Борис подавил зевок: вспышки Ивиш его больше не забавляли. Когда она была девушкой, одно удовольствие было смотреть, как она теребит волосы, топает ногами и косится, это могло развеселить на целый день. Теперь ее глаза оставались угрюмыми, казалось, в этом была некая нарочитость, в такие минуты Ивиш была похожа на их мать. «Она замужняя женщина, — с ужасом подумал Борис. — Замужняя женщина, со свекром и свекровью, с мужем на фронте и семейным автомобилем». Он недоуменно посмотрел на нее и отвел глаза, потому что почувствовал, что сейчас она вызовет у него отвращение. «Я уеду!» Он резко выпрямился: решение принято. «Я уеду, уеду с ними, я не могу больше оставаться во Франции». Ивиш что-то говорила.

— Что? — спросил он.

— Родители.

— Так что?

— Я говорю, что им не надо было уезжать из России; ты меня не слушаешь.

— Если бы они остались, их бы засадили в тюрьму.

— Во всяком случае, они не должны были заставлять нас принимать гражданство. Мы могли бы уехать к себе домой.

— У себя дома — это во Франции, — сказал Борис.

— Нет, в России.

— Во Франции, потому что они нам дали французское гражданство.

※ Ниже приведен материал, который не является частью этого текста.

(* Let $\rho \in (0,+\infty)$ and let $\overline{B}_\rho := \{u \in C([0,1]) : \|u\|_\infty \le \rho\}$, $\partial B_\rho := \{u \in C([0,1]) : \|u\|_\infty = \rho\}$, where $\|u\|_\infty = \sup_{t\in[0,1]}|u(t)|$. Assume that: (1) $k : [0,1]^2 \to [0,+\infty)$ is continuous; (2) $H : \overline{B}_\rho \to \mathbb{R}$ is continuous and there exist $\underline{H_\rho}, \overline{H_\rho} \in \mathbb{R}$ such that $\underline{H_\rho} \le H[u] \le \overline{H_\rho}$ for every $u \in \overline{B}_\rho$; (3) $f : \Pi_\rho \to \mathbb{R}$ is continuous, where $\Pi_\rho := [0,1]\times[-\rho,\rho]\times[\underline{H_\rho},\overline{H_\rho}] \subset \mathbb{R}^3$; (4) there exist continuous functions $\underline{f_\rho}, \overline{f_\rho} : [0,1] \to \mathbb{R}$ such that $\underline{f_\rho}(t) \le f(t,u,v) \le \overline{f_\rho}(t)$ for every $(t,u,v) \in \Pi_\rho$; (5) setting $\underline{F_\rho}(t) := \int_0^1 k(t,s)\underline{f_\rho}(s)\,ds$ and $\overline{F_\rho}(t) := \int_0^1 k(t,s)\overline{f_\rho}(s)\,ds$, at least one of the following holds: (5a) there exists $t_\rho \in [0,1]$ with $\overline{F_\rho}(t_\rho) < 0$; (5b) there exists $t_\rho \in [0,1]$ with $\underline{F_\rho}(t_\rho) > 0$. Then there exist $\lambda_\rho^+ > 0$, $\lambda_\rho^- < 0$ and $u^+, u^- \in \partial B_\rho$ such that $(\lambda,u) = (\lambda_\rho^+,u^+)$ and $(\lambda,u) = (\lambda_\rho^-,u^-)$ both satisfy $$u(t) = \lambda \int_0^1 k(t,s)\, f(s,u(s),H[u])\,ds \quad \text{for all } t \in [0,1].$$ Furthermore, if $\lambda_\rho \in \mathbb{R}$ and $u_\rho \in \overline{B}_\rho$ satisfy $u_\rho(t) = \lambda_\rho \int_0^1 k(t,s)\, f(s,u_\rho(s),H[u_\rho])\,ds$ for all $t\in[0,1]$, then: (6a) if (5a) holds, $|\lambda_\rho| \le -\dfrac{\rho}{\overline{F_\rho}(t_\rho)}$; (6b) if (5b) holds, $|\lambda_\rho| \le \dfrac{\rho}{\underline{F_\rho}(t_\rho)}$.
   Context: $C([0,1])$ denotes the Banach space of real-valued continuous functions on $[0,1]$ with the supremum norm $\|\cdot\|_\infty$. *)

theory Defs
  imports "HOL-Analysis.Analysis"
begin

text \<open>Elements of C([0,1]) are represented as functions real => real that are
continuous on [0,1]; only their values on [0,1] matter.\<close>

definition C01 :: "(real \<Rightarrow> real) set" where
  "C01 = {u. continuous_on {0..1} u}"

definition supnorm :: "(real \<Rightarrow> real) \<Rightarrow> real" where
  "supnorm u = (SUP t\<in>{0..1}. \<bar>u t\<bar>)"

definition closed_ball_C01 :: "real \<Rightarrow> (real \<Rightarrow> real) set" where
  "closed_ball_C01 \<rho> = {u \<in> C01. supnorm u \<le> \<rho>}"

definition sphere_C01 :: "real \<Rightarrow> (real \<Rightarrow> real) set" where
  "sphere_C01 \<rho> = {u \<in> C01. supnorm u = \<rho>}"

definition functional_continuous_on ::
  "(real \<Rightarrow> real) set \<Rightarrow> ((real \<Rightarrow> real) \<Rightarrow> real) \<Rightarrow> bool" where
  "functional_continuous_on S H \<longleftrightarrow>
     (\<forall>u\<in>S. \<forall>e>0. \<exists>d>0. \<forall>v\<in>S. supnorm (\<lambda>t. v t - u t) < d \<longrightarrow> \<bar>H v - H u\<bar> < e)"

end

(*
  Write T u t = integral_0^1 k(t,s) f(s, u s, H u) ds on the closed ball of radius rho.
  Since k >= 0, the bounds on f give Flo <= T u <= Fhi pointwise; this yields the a priori
  estimates (6a), (6b) at once, and under (5a) or (5b) it shows |T u (t_rho)| >= eta > 0 for
  every u in the ball.

  For existence, discretise on the grid i/N: the map sending nodal values x in [-rho,rho]^(N+1)
  to rho times the nodal values of T (interp x), divided by their largest modulus, is a
  continuous self-map of the cube (the nondegeneracy keeps the denominator positive), so it
  has a fixed point by Brouwer's theorem, which follows from the non-contractibility of spheres.
  This gives lam_N > 0 and u_N = interp (lam_N T u_N at the nodes) with |lam_N T u_N| = rho
  at some node and lam_N bounded above and away from 0.  The family T(ball) is bounded and
  equicontinuous, so by Arzela-Ascoli a subsequence of lam_N T u_N, and hence of u_N, converges
  uniformly to some w on the sphere of radius rho with w = lam T w, lam > 0.  Replacing f by -f
  gives the negative eigenvalue.
*)

theory Submission
  imports Defs "HOL-Homology.Brouwer_Degree" "HOL-Complex_Analysis.Great_Picard"
begin

section \<open>Brouwer's fixed point theorem for cubes of finite sequences\<close>

definition ndisc :: "nat \<Rightarrow> (nat \<Rightarrow> real) set" where
  "ndisc m = {x. (\<Sum>i\<le>m. x i ^ 2) \<le> 1 \<and> (\<forall>i>m. x i = 0)}"

lemma contractible_ndisc: "contractible (ndisc m)"
proof -
  define h where "h = (\<lambda>(t::real, x::nat \<Rightarrow> real) i. (1 - t) * x i)"
  have "continuous_on ({0..1} \<times> ndisc m) h"
    unfolding h_def case_prod_beta
    by (intro continuous_intros continuous_on_product_then_coordinatewise)
  moreover have "h (t, x) \<in> ndisc m" if t: "t \<in> {0..1}" and x: "x \<in> ndisc m" for t x
  proof -
    have "(\<Sum>i\<le>m. ((1 - t) * x i) ^ 2) = (1 - t) ^ 2 * (\<Sum>i\<le>m. x i ^ 2)"
      by (simp add: power_mult_distrib sum_distrib_left)
    also have "\<dots> \<le> 1"
      using t x by (intro mult_le_one) (auto simp: ndisc_def power_le_one sum_nonneg)
    finally show ?thesis using x by (simp add: h_def ndisc_def)
  qed
  ultimately show ?thesis
    unfolding contractible_def homotopic_with [OF refl]
    by (intro exI[of _ "\<lambda>i. 0"] exI[of _ h]) (auto simp: h_def)
qed

lemma not_contractible_sphere:
  fixes m :: nat
  shows "\<not> contractible {x. (\<Sum>i\<le>m. x i ^ 2) = 1 \<and> (\<forall>i>m. x i = (0::real))}"
  using non_contractible_space_nsphere[of m]
  by (simp add: nsphere euclidean_product_topology)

— Вот именно, — сказала Ивиш. — Они не должны были этого делать.

— Да, но ведь сделали.

— Мне это все равно. Раз они не должны были этого делать, значит, этого как бы нет.

— Будь ты сейчас в России, — сказал Борис, — ты бы там на стенку лезла.

— Мне это было бы все равно, потому что Россия — большая страна, и я бы испытывала гордость. А здесь я живу в стыде.

Она на мгновение замолчала, вид у нее был нерешительный. Борис блаженно посмотрел на нее; у него не было ни малейшего желания ей противоречить. «Она будет вынуждена остановиться, — с надеждой подумал он. — Ей уже просто нечего добавить». Но у Ивиш было воображение: она подняла руку и сделала странный маленький бросок вперед, словно прыгала в воду.

— Ненавижу французов, — сказала она.

Господин, читавший рядом с ними газету, поднял голову и поглядел на них с рассеянным видом. Борис посмотрел ему прямо в глаза. Но почти сразу же господин встал: к нему подходила молодая женщина; он поклонился ей, она села, и они, улыбаясь, взяли друг друга за руки. Успокоенный, Борис повернулся к Ивиш. Это была большая коррида — Ивиш бормотала сквозь зубы:

— Я их ненавижу, ненавижу!

— Ты их ненавидишь, потому что они варят плохой кофе?

— Я их ненавижу за все.

Борис надеялся, что буря утихнет сама собой; но теперь стало ясно, что он ошибался и что нужно сопротивляться до последнего.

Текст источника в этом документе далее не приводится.